Aw, she's b e a utiful! She has such a pretty face


----------



## cecillover (Aug 7, 2010)

She has a really pretty face!! i think she is very verty pretty!!


----------



## KodeeLuver (Aug 7, 2010)

She is really pretty. I like her alot.


----------



## paintluver (Apr 5, 2007)

She is so pretty! And I love how she is dark with a white mane.


----------



## cecillover (Aug 7, 2010)

Can i make some pictures of your horse?


----------



## JumperStride (Jul 1, 2010)

She's precious oh my goodness <3 you look like a great fit to her.


----------



## A knack for horses (Jun 17, 2010)

Very beautiful horse!


----------



## payette (Jun 3, 2010)

OMG! I want her  What breed is she?


----------



## JessLovesLady (Aug 3, 2010)

thanks for the comments everyone and yes to whoever asked to make some pics of her, that is fine . she is an arab x cob. she isnt actually mine by law but she is the pony i ride at the stables and and ive been riding her 6 years for more or less every lesson so i have bonded well with her. i have many more pics so i might upload some more at some point


----------



## JessLovesLady (Aug 3, 2010)

more of lady


----------



## JessLovesLady (Aug 3, 2010)

sorry if some are twice...


----------



## JessLovesLady (Aug 3, 2010)

.......


----------



## JessLovesLady (Aug 3, 2010)

and more


----------



## SonyaRumour4ever (Aug 9, 2010)

Aww! she is sooo cute!


----------



## cecillover (Aug 7, 2010)

Here is a photo i made of lady


----------



## Wahoo23829 (Apr 15, 2010)

how tall are you ? pretty pony indeed


----------



## JessLovesLady (Aug 3, 2010)

im not exactly how tall i am but i think about 5ft 2" as my mums 5 3" and im slightly smaller than her. so pretty small hehe.
and love the editted pic of her! she was just scoffing her food and licking her lips haha


----------



## cecillover (Aug 7, 2010)

oh it looked like she had a lazy lip lol but dont woryy i am shortt too lol!! and so yahh


----------



## 888vegas888 (Jun 23, 2010)

cecillover said:


> Can i make some pictures of your horse?
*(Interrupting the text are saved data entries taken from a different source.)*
lemma fhom_residue_left:
  assumes "s\<^sup>2 = c\<^sup>2" "s \<noteq> 0"
  shows "((\<lambda>z. (z - s) * fhom p z c) \<longlongrightarrow> \<i> * of_real (sin (pi * p)) * c) (at s)"
proof -
  have "(s + omega p * c) * (s - inverse (omega p) * c) / (2 * s) = \<i> * of_real (sin (pi * p)) * c"
    unfolding fhom_numerator_eq[OF assms(1)] using assms(2) by simp
  with tendsto_mult_simple_pole[OF assms, of "\<lambda>z. (z + omega p * c) * (z - inverse (omega p) * c)"]
  show ?thesis
    unfolding fhom_def by simp
qed

lemma fhom_residue_right:
  assumes "s\<^sup>2 = c\<^sup>2" "s \<noteq> 0"
  shows "((\<lambda>z. (z - s) * fhom p c z) \<longlongrightarrow> - (\<i> * of_real (sin (pi * p)) * c)) (at s)"
proof -
  have "fhom p c z = - ((c + omega p * z) * (c - inverse (omega p) * z)) / (z\<^sup>2 - c\<^sup>2)" for z
  proof -
    have "c\<^sup>2 - z\<^sup>2 = - (z\<^sup>2 - c\<^sup>2)" by simp
    then show ?thesis
      unfolding fhom_def by (simp only: divide_minus_right minus_divide_left)
  qed
  moreover have "- ((c + omega p * s) * (c - inverse (omega p) * s)) / (2 * s)
      = - (\<i> * of_real (sin (pi * p)) * c)"
    unfolding fhom_numerator_eq[OF assms(1)[symmetric]] using assms(2) by simp
  ultimately show ?thesis
    using tendsto_mult_simple_pole[OF assms, of "\<lambda>z. - ((c + omega p * z) * (c - inverse (omega p) * z))"]
    by simp
qed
You can definitely make pictures of mine!!! I still love him so much, even though he's gone  Anyway, i've seen both yours and your sister's pictures and they're amazing! If you have time, I'd love a few pictures or even a video. Thanks. : )


----------



## cecillover (Aug 7, 2010)

what you could do is email me and give me some more of your pics and if i could get some of you to say like this girl loved this horse and stuff so i would like to have more pictures !! thank you


----------



## Lovehorsesandrunning (Nov 10, 2009)

she's adorable! She looks like a nice jumper!
_Posted via Mobile Device_


----------



## cecillover (Aug 7, 2010)

yess she was
!!!!


----------